### Required work
Go through the listing below and state how many of its lines include "inter". Write only that number.

### Provided records
lemma tendsto_cutoff_infdist_indicator:
  fixes x :: "'a::metric_space"
  assumes "closed F" "F \<noteq> {}"
  shows "(\<lambda>n. max 0 (1 - real n * infdist x F)) \<longlonglongrightarrow> indicator F x"
proof (cases "x \<in> F")
  case True
  then show ?thesis by simp
next
  case False
  then have d: "infdist x F > 0"
    using assms in_closed_iff_infdist_zero infdist_nonneg order_less_le by metis
  obtain n0 :: nat where n0: "real n0 * infdist x F > 1"
    using reals_Archimedean3[OF d] by blast
  have "max 0 (1 - real n * infdist x F) = 0" if "n \<ge> n0" for n
  proof -
    have "real n0 * infdist x F \<le> real n * infdist x F"
      using that d by (intro mult_right_mono) auto
    then show ?thesis using n0 by simp
  qed
  then have "eventually (\<lambda>n. max 0 (1 - real n * infdist x F) = 0) sequentially"
    by (auto simp: eventually_sequentially)
  then show ?thesis
    using False by (simp add: tendsto_eventually)
qed

lemma tendsto_integral_cutoff_infdist:
  fixes K :: "'a::metric_space measure"
  assumes K: "finite_measure K" "sets K = sets borel" and F: "closed F" "F \<noteq> {}"
  shows "(\<lambda>n. \<integral>x. max 0 (1 - real n * infdist x F) \<partial>K) \<longlonglongrightarrow> measure K F"
proof -
  have "F \<in> sets K"
    using K(2) F(1) by simp
  have "(\<lambda>n. \<integral>x. max 0 (1 - real n * infdist x F) \<partial>K) \<longlonglongrightarrow> (\<integral>x. indicator F x \<partial>K)"
  proof (rule integral_dominated_convergence[where w="\<lambda>_. 1"])
    show "(\<lambda>x. max 0 (1 - real n * infdist x F)) \<in> borel_measurable K" for n
      unfolding measurable_cong_sets[OF K(2) refl]
      by (intro borel_measurable_continuous_onI continuous_intros)
    show "AE x in K. (\<lambda>n. max 0 (1 - real n * infdist x F)) \<longlonglongrightarrow> indicator F x"
      using tendsto_cutoff_infdist_indicator[OF F] by simp
  qed (use K(1) \<open>F \<in> sets K\<close> in \<open>auto simp: finite_measure.integrable_const infdist_nonneg\<close>)
  then show ?thesis
    using \<open>F \<in> sets K\<close> by simp
qed

lemma measure_eqI_integral_bounded_continuous:
  fixes M N :: "'a::metric_space measure"
  assumes M: "finite_measure M" "sets M = sets borel" and N: "finite_measure N" "sets N = sets borel"
    and integral_eq: "\<And>f :: 'a \<Rightarrow> real. continuous_on UNIV f \<Longrightarrow> bounded (range f) \<Longrightarrow>
      (\<integral>x. f x \<partial>M) = (\<integral>x. f x \<partial>N)"
  shows "M = N"
proof (rule measure_eqI_generator_eq[where E="Collect closed" and \<Omega>=UNIV and A="\<lambda>_. UNIV"])
  have "sets (borel :: 'a measure) = sigma_sets UNIV (Collect closed)"
    by (simp add: borel_eq_closed)
  then show "sets M = sigma_sets UNIV (Collect closed)" "sets N = sigma_sets UNIV (Collect closed)"
    using M(2) N(2) by simp_all
  show "emeasure M F = emeasure N F" if "F \<in> Collect closed" for F
  proof (cases "F = {}")
    case False
    have "bounded (range (\<lambda>x. max 0 (1 - real n * infdist x F)))" for n
      by (rule boundedI[of _ 1]) (auto simp: infdist_nonneg)
    then have "(\<lambda>n. \<integral>x. max 0 (1 - real n * infdist x F) \<partial>M) = (\<lambda>n. \<integral>x. max 0 (1 - real n * infdist x F) \<partial>N)"
      by (intro ext integral_eq continuous_intros)
    then have "measure M F = measure N F"
      using tendsto_integral_cutoff_infdist[OF M _ False] tendsto_integral_cutoff_infdist[OF N _ False] that
      by (metis LIMSEQ_unique mem_Collect_eq)
    then show ?thesis
      using M(1) N(1) by (simp add: finite_measure.emeasure_eq_measure)
  qed simp
  show "Int_stable (Collect closed)"
    by (simp add: Int_stable_def closed_Int)
  show "emeasure M (UNIV :: 'a set) \<noteq> \<infinity>"
    using M(1) by (simp add: finite_measure.emeasure_finite)
qed auto

lemma topspace_weak_star: "topspace (weak_star :: 'a::topological_space measure topology) = prob_measures"
proof -
  let ?S = "{{\<mu> \<in> prob_measures. (\<integral>x. f x \<partial>\<mu>) \<in> U} | f U. continuous_on UNIV (f :: 'a \<Rightarrow> real) \<and> open U}"
  have "prob_measures = {\<mu> \<in> prob_measures. (\<integral>x. (\<lambda>_. 0 :: real) x \<partial>\<mu>) \<in> UNIV}"
    by simp
  then have "prob_measures \<in> ?S"
    by (intro CollectI exI[of _ "\<lambda>_. 0 :: real"] exI[of _ UNIV]) simp
  then have "\<Union>?S = prob_measures"
    by blast
  then show ?thesis
    by (simp add: weak_star_def)
qed

lemma openin_weak_star_integral_preimage:
  fixes f :: "'a::topological_space \<Rightarrow> real"
  assumes "continuous_on UNIV f" "open U"
  shows "openin weak_star {\<mu> \<in> prob_measures. (\<integral>x. f x \<partial>\<mu>) \<in> U}"
  unfolding weak_star_def
  by (rule topology_generated_by_Basis) (intro CollectI exI[of _ f] exI[of _ U] conjI refl assms)

lemma continuous_map_weak_star:
  fixes g :: "'b \<Rightarrow> 'a::topological_space measure"
  assumes "g \<in> topspace X \<rightarrow> prob_measures"
    and "\<And>f :: 'a \<Rightarrow> real. continuous_on UNIV f \<Longrightarrow>
      continuous_map X euclideanreal (\<lambda>x. \<integral>y. f y \<partial>g x)"
  shows "continuous_map X weak_star g"
  unfolding weak_star_def continuous_on_generated_topo_iff
proof (intro conjI allI impI)
  fix W assume "W \<in> {{\<mu> \<in> prob_measures. (\<integral>x. f x \<partial>\<mu>) \<in> U} | f U. continuous_on UNIV (f :: 'a \<Rightarrow> real) \<and> open U}"
  then obtain f :: "'a \<Rightarrow> real" and U where f: "continuous_on UNIV f" "open U"
    and W: "W = {\<mu> \<in> prob_measures. (\<integral>x. f x \<partial>\<mu>) \<in> U}"
    by blast
  have "g -` W \<inter> topspace X = {x \<in> topspace X. (\<integral>y. f y \<partial>g x) \<in> U}"
    using assms(1) by (auto simp: W)
  then show "openin X (g -` W \<inter> topspace X)"
    using openin_continuous_map_preimage[OF assms(2)[OF f(1)]] f(2) by simp
next
  show "g ` topspace X \<subseteq>
    \<Union>{{\<mu> \<in> prob_measures. (\<integral>x. f x \<partial>\<mu>) \<in> U} | f U. continuous_on UNIV (f :: 'a \<Rightarrow> real) \<and> open U}"
    using assms(1) topspace_weak_star unfolding weak_star_def by auto
qed

lemma prob_measuresD:
  assumes "\<mu> \<in> prob_measures"
  shows "finite_measure \<mu>" "sets \<mu> = sets borel"
  using assms by (auto simp: prob_measures_def prob_space.finite_measure)

lemma Hausdorff_space_weak_star: "Hausdorff_space (weak_star :: 'a::metric_space measure topology)"
  unfolding Hausdorff_space_def topspace_weak_star
proof (intro allI impI, elim conjE)
  fix \<mu> \<nu> :: "'a measure"
  assume \<mu>: "\<mu> \<in> prob_measures" and \<nu>: "\<nu> \<in> prob_measures" and "\<mu> \<noteq> \<nu>"
  then obtain f :: "'a \<Rightarrow> real" where f: "continuous_on UNIV f"
    and "(\<integral>x. f x \<partial>\<mu>) \<noteq> (\<integral>x. f x \<partial>\<nu>)"
    using measure_eqI_integral_bounded_continuous[OF prob_measuresD[OF \<mu>] prob_measuresD[OF \<nu>]] by blast
  then obtain U V where UV: "open U" "open V" "(\<integral>x. f x \<partial>\<mu>) \<in> U" "(\<integral>x. f x \<partial>\<nu>) \<in> V" "U \<inter> V = {}"
    by (metis hausdorff)
  let ?U = "{\<rho> \<in> prob_measures. (\<integral>x. f x \<partial>\<rho>) \<in> U}" and ?V = "{\<rho> \<in> prob_measures. (\<integral>x. f x \<partial>\<rho>) \<in> V}"
  have "openin weak_star ?U" "openin weak_star ?V"
    using openin_weak_star_integral_preimage[OF f] UV(1,2) by simp_all
  moreover have "\<mu> \<in> ?U" "\<nu> \<in> ?V"
    using \<mu> \<nu> UV(3,4) by simp_all
  moreover have "disjnt ?U ?V"
    using UV(5) by (auto simp: disjnt_def)
  ultimately show "\<exists>U V. openin weak_star U \<and> openin weak_star V \<and> \<mu> \<in> U \<and> \<nu> \<in> V \<and> disjnt U V"
    by blast
qed

lemma Hausdorff_space_measure_maps_top:
  "Hausdorff_space (measure_maps_top :: ('a::metric_space measure \<Rightarrow> 'a measure) topology)"
  unfolding measure_maps_top_def Hausdorff_space_product_topology
  using Hausdorff_space_weak_star by blast

lemma measurable_prob_measures_borel:
  assumes "\<nu> \<in> prob_measures" "p \<in> borel_measurable borel"
  shows "p \<in> measurable \<nu> borel"
  unfolding measurable_cong_sets[OF prob_measuresD(2)[OF assms(1)] refl] by (rule assms(2))

lemma pstar_in_prob_measures:
  assumes "p \<in> borel_measurable borel" "\<nu> \<in> prob_measures"
  shows "pstar p \<nu> \<in> prob_measures"
  using prob_space.prob_space_distr[OF _ measurable_prob_measures_borel[OF assms(2,1)]] assms(2)
  by (simp add: pstar_def prob_measures_def)

lemma integral_pstar:
  fixes f :: "'a::topological_space \<Rightarrow> real"
  assumes "p \<in> borel_measurable borel" "\<nu> \<in> prob_measures" "f \<in> borel_measurable borel"
  shows "(\<integral>x. f x \<partial>pstar p \<nu>) = (\<integral>x. f (p x) \<partial>\<nu>)"
  using integral_distr[OF measurable_prob_measures_borel[OF assms(2,1)] assms(3)] assms(2)
  by (simp add: pstar_def)

lemma pstar_comp:
  assumes "p \<in> borel_measurable borel" "q \<in> borel_measurable borel"
  shows "pstar (p \<circ> q) = restrict (pstar p \<circ> pstar q) prob_measures"
proof
  fix \<nu> :: "'a measure"
  show "pstar (p \<circ> q) \<nu> = restrict (pstar p \<circ> pstar q) prob_measures \<nu>"
  proof (cases "\<nu> \<in> prob_measures")
    case True
    then show ?thesis
      using distr_distr[OF assms(1) measurable_prob_measures_borel[OF True assms(2)]]
        pstar_in_prob_measures[OF assms(2) True]
      by (simp add: pstar_def)
  qed (simp add: pstar_def)
qed

lemma push_action_eq_pstar: "push_action act g = pstar (act g)"
  by (simp add: push_action_def pstar_def)

lemma pstar_return:
  assumes "p \<in> borel_measurable borel"
  shows "pstar p (return borel x) = return borel (p x)"
  using distr_return[OF assms] by (simp add: pstar_def prob_measures_def prob_space_return)

lemma inj_on_pstar: "inj_on pstar (borel_measurable (borel :: 'a::t1_space measure))"
proof
  fix p q :: "'a \<Rightarrow> 'a"
  assume p: "p \<in> borel_measurable borel" and q: "q \<in> borel_measurable borel" and "pstar p = pstar q"
  show "p = q"
  proof
    fix x
    have "return borel (p x) = return borel (q x)"
      using \<open>pstar p = pstar q\<close> pstar_return[OF p] pstar_return[OF q] by metis
    then have "emeasure (return borel (p x)) {q x} = emeasure (return borel (q x)) {q x}"
      by simp
    then show "p x = q x"
      by (simp add: emeasure_return indicator_def split: if_splits)
  qed
qed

### Output below
3